* _What this task involves_: All lines in the material with the string "frac" should be listed.

* _Data for analysis_:
------------------------------------
(* Let $(a_n)_{n<0}$ be a sequence in $\mathbb{Z}((q))$ satisfying the lower bound condition, and for $j\in\mathbb{Z}$ define \[ r_j=-\sum_{k\ge|j|}a_{-k-1}\frac{(-1)^{k+j}q^{\binom{k+1}{2}+\binom{j+1}{2}}}{(q;q)_{k+j}(q;q)_{k-j}}\in\mathbb{Z}((q)). \] Then the series $\sum_{j\in\mathbb{Z}}r_j$ converges in $\mathbb{Z}((q))$ and \[ \sum_{j\in\mathbb{Z}}r_j=-a_{-1}. \]
   Context: $(a;q)_n=\prod_{i=0}^{n-1}(1-aq^i)$; $\binom{j+1}{2}=\frac{j(j+1)}{2}$ for all integers $j$. For $f\in\mathbb{Z}((q))$, $\delta(f)$ is the minimal exponent of $q$ in $f$. The lower bound condition: there is a constant $C$ with $\delta(a_n)\ge-\frac{n(n+3)}{2}+C$ for all $n<0$. Interpretation: $r_j$ is the term-by-term residue at $x=q^j$ of the inverted Habiro series $P(x)=\sum_{k\ge0}a_{-k-1}\frac{(-1)^kq^{\binom{k+1}{2}}}{(x;q)_{k+1}(qx^{-1};q)_k}$, and $a_{-1}$ (which equals $f_0$, the constant coefficient of its expansion at $x=0$) is its term-by-term residue at $x=\infty$. *)

theory Defs
  imports "HOL-Computational_Algebra.Formal_Laurent_Series"
begin

text \<open>Z((q)) is modelled as int fls, with q = fls_X.\<close>

definition qpoch :: "int fls \<Rightarrow> nat \<Rightarrow> int fls" where
  "qpoch a n = (\<Prod>i<n. 1 - a * fls_X ^ i)"

text \<open>The reciprocal in Z((q)) (unique when it exists; (q;q)_n is a unit).\<close>
definition fls_recip :: "int fls \<Rightarrow> int fls" where
  "fls_recip f = (THE g. f * g = 1)"

text \<open>binom(j+1,2) = j(j+1)/2 for all integers j.\<close>
definition binom2 :: "int \<Rightarrow> int" where
  "binom2 j = j * (j + 1) div 2"

text \<open>Convergence in the q-adic topology of Z((q)) of the (unconditional) sum of a
  family indexed by I: for every N, all sufficiently large finite partial sums
  agree with S in all coefficients below N.\<close>
definition fls_has_sum :: "('i \<Rightarrow> int fls) \<Rightarrow> 'i set \<Rightarrow> int fls \<Rightarrow> bool" where
  "fls_has_sum f I S \<longleftrightarrow>
     (\<forall>N::int. \<exists>J0. finite J0 \<and> J0 \<subseteq> I \<and>
        (\<forall>J. finite J \<and> J0 \<subseteq> J \<and> J \<subseteq> I \<longrightarrow> (\<forall>n<N. fls_nth (S - sum f J) n = 0)))"

definition fls_summable :: "('i \<Rightarrow> int fls) \<Rightarrow> 'i set \<Rightarrow> bool" where
  "fls_summable f I \<longleftrightarrow> (\<exists>S. fls_has_sum f I S)"

definition fls_infsum :: "('i \<Rightarrow> int fls) \<Rightarrow> 'i set \<Rightarrow> int fls" where
  "fls_infsum f I = (THE S. fls_has_sum f I S)"

definition lower_bound_cond :: "(int \<Rightarrow> int fls) \<Rightarrow> bool" where
  "lower_bound_cond a \<longleftrightarrow> (\<exists>C::int. \<forall>n<0. a n \<noteq> 0 \<longrightarrow>
      fls_subdegree (a n) \<ge> - (n * (n + 3) div 2) + C)"

definition res_r :: "(int \<Rightarrow> int fls) \<Rightarrow> int \<Rightarrow> int fls" where
  "res_r a j = - fls_infsum (\<lambda>k. a (- k - 1) * fls_const ((-1) ^ nat (k + j))
        * fls_X_intpow (binom2 k + binom2 j)
        * fls_recip (qpoch fls_X (nat (k + j))) * fls_recip (qpoch fls_X (nat (k - j))))
      {k. k \<ge> \<bar>j\<bar>}"

end

(*
  The lower bound condition makes the k-th term of r_j vanish below q^(k+1+C), uniformly in j.
  Hence every r_j converges, r_j vanishes below q^(|j|+1+C), and modulo q^N all sums are finite,
  so the sums over j and k may be exchanged. For fixed k > 0, multiplying the inner sum over
  -k <= j <= k by (q;q)_(2k) and writing j = m - k turns it, by the q-binomial theorem, into
  q^(k^2) (z;q)_(2k) with z = q^(1-k); this vanishes through the factor 1 - z q^(k-1).
  Only k = 0 survives, and it contributes -a_(-1).
*)

theory Submission
  imports Defs
begin

unbundle fps_syntax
------------------------------------
* _Completed exercise_:
(* Let $(a_n)_{n<0}$ be a sequence in $\mathbb{Z}((q))$ satisfying the lower bound condition, and for $j\in\mathbb{Z}$ define \[ r_j=-\sum_{k\ge|j|}a_{-k-1}\frac{(-1)^{k+j}q^{\binom{k+1}{2}+\binom{j+1}{2}}}{(q;q)_{k+j}(q;q)_{k-j}}\in\mathbb{Z}((q)). \] Then the series $\sum_{j\in\mathbb{Z}}r_j$ converges in $\mathbb{Z}((q))$ and \[ \sum_{j\in\mathbb{Z}}r_j=-a_{-1}. \]
   Context: $(a;q)_n=\prod_{i=0}^{n-1}(1-aq^i)$; $\binom{j+1}{2}=\frac{j(j+1)}{2}$ for all integers $j$. For $f\in\mathbb{Z}((q))$, $\delta(f)$ is the minimal exponent of $q$ in $f$. The lower bound condition: there is a constant $C$ with $\delta(a_n)\ge-\frac{n(n+3)}{2}+C$ for all $n<0$. Interpretation: $r_j$ is the term-by-term residue at $x=q^j$ of the inverted Habiro series $P(x)=\sum_{k\ge0}a_{-k-1}\frac{(-1)^kq^{\binom{k+1}{2}}}{(x;q)_{k+1}(qx^{-1};q)_k}$, and $a_{-1}$ (which equals $f_0$, the constant coefficient of its expansion at $x=0$) is its term-by-term residue at $x=\infty$. *)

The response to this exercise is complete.